● **WORK TO COMPLETE**
Precise copying is required. Return the data below in full.

● **ENTRIES PROVIDED**
theorem lemma3p12:
  fixes f :: "'a::euclidean_space \<Rightarrow> real" and mu :: "'a measure"
    and W :: "'a set" and x :: 'a and k :: nat
  assumes "continuous_on UNIV f"
    and "\<And>y. f y \<ge> 0"
    and "mu = density lborel (\<lambda>y. ennreal (f y))"
    and "compact W" and "convex W"
    and "\<And>y. y \<in> W \<Longrightarrow> f y > 0"
    and "k \<ge> DIM('a) + 1"
    and "x \<in> W"
  shows "((\<lambda>r. pk_xr mu x r k) \<longlongrightarrow> pk k TYPE('a)) (at_right 0)"
proof (rule tendstoI)
  fix \<epsilon> :: real assume \<epsilon>: "\<epsilon> > 0"
  have "((\<lambda>\<delta>::real. ((1 + \<delta>) / (1 - \<delta>)) ^ k) \<longlongrightarrow> ((1 + 0) / (1 - 0)) ^ k) (at_right 0)"
    by (intro tendsto_intros) auto
  then have "\<forall>\<^sub>F \<delta> in at_right 0. ((1 + \<delta>) / (1 - \<delta>)) ^ k < 1 + \<epsilon>"
    using \<epsilon> by (intro order_tendstoD(2)) auto
  moreover have "\<forall>\<^sub>F \<delta> in at_right 0. 0 < \<delta> \<and> \<delta> < (1::real)"
    by (intro eventually_conj eventually_at_right_less) (auto simp: eventually_at_right_field intro: exI[of _ 1])
  ultimately have "\<forall>\<^sub>F \<delta> in at_right 0. 0 < \<delta> \<and> \<delta> < 1 \<and> ((1 + \<delta>) / (1 - \<delta>)) ^ k - 1 < \<epsilon>"
    by eventually_elim auto
  then obtain \<delta> where \<delta>: "0 < \<delta>" "\<delta> < 1" "((1 + \<delta>) / (1 - \<delta>)) ^ k - 1 < \<epsilon>"
    using eventually_happens'[OF trivial_limit_at_right_real] by blast
  have "isCont f x" and "f \<in> borel_measurable borel"
    using assms(1) by (simp_all add: continuous_on_eq_continuous_at borel_measurable_continuous_onI)
  from eventually_abs_pk_xr_density_diff_le[OF this(2) assms(2) this(1) assms(6)[OF assms(8)] \<delta>(1,2), where k=k]
  show "\<forall>\<^sub>F r in at_right 0. dist (pk_xr mu x r k) (pk k TYPE('a)) < \<epsilon>"
    by eventually_elim (use \<delta>(3) assms(3) in \<open>simp add: dist_real_def\<close>)
qed

end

● **OUTPUT OF THE EXERCISE**
theorem lemma3p12:
  fixes f :: "'a::euclidean_space \<Rightarrow> real" and mu :: "'a measure"
    and W :: "'a set" and x :: 'a and k :: nat
  assumes "continuous_on UNIV f"
    and "\<And>y. f y \<ge> 0"
    and "mu = density lborel (\<lambda>y. ennreal (f y))"
    and "compact W" and "convex W"
    and "\<And>y. y \<in> W \<Longrightarrow> f y > 0"
    and "k \<ge> DIM('a) + 1"
    and "x \<in> W"
  shows "((\<lambda>r. pk_xr mu x r k) \<longlongrightarrow> pk k TYPE('a)) (at_right 0)"
proof (rule tendstoI)
  fix \<epsilon> :: real assume \<epsilon>: "\<epsilon> > 0"
  have "((\<lambda>\<delta>::real. ((1 + \<delta>) / (1 - \<delta>)) ^ k) \<longlongrightarrow> ((1 + 0) / (1 - 0)) ^ k) (at_right 0)"
    by (intro tendsto_intros) auto
  then have "\<forall>\<^sub>F \<delta> in at_right 0. ((1 + \<delta>) / (1 - \<delta>)) ^ k < 1 + \<epsilon>"
    using \<epsilon> by (intro order_tendstoD(2)) auto
  moreover have "\<forall>\<^sub>F \<delta> in at_right 0. 0 < \<delta> \<and> \<delta> < (1::real)"
    by (intro eventually_conj eventually_at_right_less) (auto simp: eventually_at_right_field intro: exI[of _ 1])
  ultimately have "\<forall>\<^sub>F \<delta> in at_right 0. 0 < \<delta> \<and> \<delta> < 1 \<and> ((1 + \<delta>) / (1 - \<delta>)) ^ k - 1 < \<epsilon>"
    by eventually_elim auto
  then obtain \<delta> where \<delta>: "0 < \<delta>" "\<delta> < 1" "((1 + \<delta>) / (1 - \<delta>)) ^ k - 1 < \<epsilon>"
    using eventually_happens'[OF trivial_limit_at_right_real] by blast
  have "isCont f x" and "f \<in> borel_measurable borel"
    using assms(1) by (simp_all add: continuous_on_eq_continuous_at borel_measurable_continuous_onI)
  from eventually_abs_pk_xr_density_diff_le[OF this(2) assms(2) this(1) assms(6)[OF assms(8)] \<delta>(1,2), where k=k]
  show "\<forall>\<^sub>F r in at_right 0. dist (pk_xr mu x r k) (pk k TYPE('a)) < \<epsilon>"
    by eventually_elim (use \<delta>(3) assms(3) in \<open>simp add: dist_real_def\<close>)
qed

end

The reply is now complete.